Hi I just wanted to reach out for some prayer. You may remember my story about my husband transitioning gender to be a woman. Well I’ve told him I can’t live happily as two women (he would have wanted to try to do that as he’s bisexual). Well we are now separating I was told yesterday that he found a place to live. I’m really really struggling and feel completely broken that my marriage is being bombed my this . Please pray especially for me getting through the day to day in this time of crisis. And for transitioning to life as a single mom as our daughter will be staying with me. I really hope there is joy in the future. I still hope my spouse realizes this isn’t what he wants to do but it’s looking less and less likely and he told me the other day if he doesn’t do this he doesn’t want to live. I can not believe this mess
Lord Jesus, be Bunny’s all in all….everything she needs You are. Thank You for being her Peace, her Comfort, her Protector, her Guide, her constanst source of stability, her Healer, her Rock, her Joy, her Bridegroom, and everything else she needs. We are so grateful that in this ever changing world and life, You don’t change and our hope is not in vain when it’s in You! As You prayed for Peter when Satan sifted him as wheat, I too pray that Bunny’s faith will not fail. In Your Name, Amen
Bunny, so sorry to hear that your husband is continuing in that direction. I am praying for you.
May God give you strength for each day. He is near and will take care of you, like a loving father, like a devoted husband! Thanks for providing the update.
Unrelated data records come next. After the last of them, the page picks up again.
(* Let $\mathbf{P}$ be a finite poset with a metric $d_{\mathbf{P}}$, and let $M,N$ be $\mathbf{P}$-modules. If $d_{\mathrm{GT}}(M,N)=0$, then $M\cong N$. Consequently $d_{\mathrm{GT}}$ is an extended metric on isomorphism classes of $\mathbf{P}$-modules.
   Context: Fix a field $k$; $\mathrm{vect}$ is the category of finite-dimensional $k$-vector spaces. A finite poset is a category with a unique morphism $x\to y$ iff $x\le y$; a $\mathbf{P}$-module is a functor $\mathbf{P}\to\mathrm{vect}$. For a monotone map $g$, $g^*$ denotes precomposition with $g$. A Galois insertion $f:\mathbf{Q}\rightleftarrows\mathbf{P}:g$ consists of monotone maps $f:\mathbf{Q}\to\mathbf{P}$, $g:\mathbf{P}\to\mathbf{Q}$ with $f(u)\le x\iff u\le g(x)$ for all $u,x$, and $f\circ g=\mathrm{id}_{\mathbf{P}}$. A Galois coupling of $(M,N)$ is a tuple $(\mathbf{Q},f\dashv g,h\dashv i,\Gamma)$ with $\mathbf{Q}$ a finite poset, $f:\mathbf{Q}\rightleftarrows\mathbf{P}:g$ and $h:\mathbf{Q}\rightleftarrows\mathbf{P}:i$ Galois insertions, and $\Gamma\in\mathrm{vect}^{\mathbf{Q}}$ with $g^*\Gamma\cong M$ and $i^*\Gamma\cong N$. Its cost is $\sup_{q\in\mathbf{Q}}d_{\mathbf{P}}(f(q),h(q))$. $d_{\mathrm{GT}}(M,N)$ is the infimum of costs of all Galois couplings of $(M,N)$, and $\infty$ if there is none. *)

theory Defs
  imports "Jordan_Normal_Form.Matrix" "HOL-Library.Extended_Real"
begin

text \<open>A finite-dimensional k-vector space is modelled as k^n (n = its dimension), a linear
map k^n -> k^m as an m x n matrix.  A module over a poset (carrier A, order lee) is a pair
(dimension function, structure maps) where the structure map for x \<le> y is a
(dim y) x (dim x) matrix, satisfying functoriality.\<close>

type_synonym ('p, 'k) pmod = "('p \<Rightarrow> nat) \<times> ('p \<Rightarrow> 'p \<Rightarrow> 'k mat)"

definition finite_poset :: "'q set \<Rightarrow> ('q \<Rightarrow> 'q \<Rightarrow> bool) \<Rightarrow> bool" where
  "finite_poset A lee \<longleftrightarrow> finite A \<and>
     (\<forall>x\<in>A. lee x x) \<and>
     (\<forall>x\<in>A. \<forall>y\<in>A. lee x y \<and> lee y x \<longrightarrow> x = y) \<and>
     (\<forall>x\<in>A. \<forall>y\<in>A. \<forall>z\<in>A. lee x y \<and> lee y z \<longrightarrow> lee x z)"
I’m really sorry about what you’re going through. I can only imagine the hurt and betrayal you’re feeling, when you “signed up” for what thing and got another…a deliberate, sinful choice. Now that I do know very since my ex walked out on me for someone else, she just didn’t chose to transition. He’s made his choice as an adult and now you can honor that choice with the consequences of it. I’ll pray for peace and courage in this “tunnel of chaos”, for you AND your daughter. One of my team members had a wife who left him for another woman at the same time I was going through my divorce. It has led to some interesting conversations over the years with his daughters and household about God, faith, sexuality, and choices people make.
Foxandabunny, there is joy and hope in Jesus AND in the future. He is big enough to take all your questions and anger. He is kind and gentle enough to let you vent and love you still. He is wealthy enough to provide for your physical and emotional needs. He promises to give you life and to restore what the locust have taken away…BUT in order to do that and Jeremiah 29 to be fulfilled, there has to be famine and difficulty first. First of all, I wouldn’t trade my desert years for anything, even if I could go back in time and make my wife love me again. God and I got really close during that part of my spiritual journey. My church family was awesome and my friends were my rocks. I can’t tell you the number of times they loved me out of my misery. Second, since that time, my friend and I have both remarried (he married another team member who was in the soup when we were. They’ve been married 9 yrs this month and my DW and I have been married 29 months now but I was single for 12 yrs, co-parenting 3 boys with a parent having different values. It was a long time of singleness & parenting but God is good and He brought me out, graduated my kids out of HS & the house, and then gave me an AMAZING woman!!!! The woman of my dreams!
God is with you and He will see you through it, with all your hurt and questions.
I am praying for strength for you, Bunny. And I also pray that you have family, friends, or a church to help support you. There can certainly be joy after this, even though it must be impossibly hard to see through it right now.
But rest in the knowledge that you have immeasurable value, that this does not define you. That value comes from God’s love and can never be taken away. Don’t be afraid to ask others for help, emotional or otherwise. I will keep you in my prayers.
I am praying for you…
Psalm 56:1–11 (NASB95)
1 “Be gracious to me, O God, for man has trampled upon me; Fighting all day long he oppresses me… 3 When I am afraid, I will put my trust in You… 8 You have taken account of my wanderings; Put my tears in Your bottle. Are they not in Your book…11 In God I have put my trust, I shall not be afraid. What can man do to me?”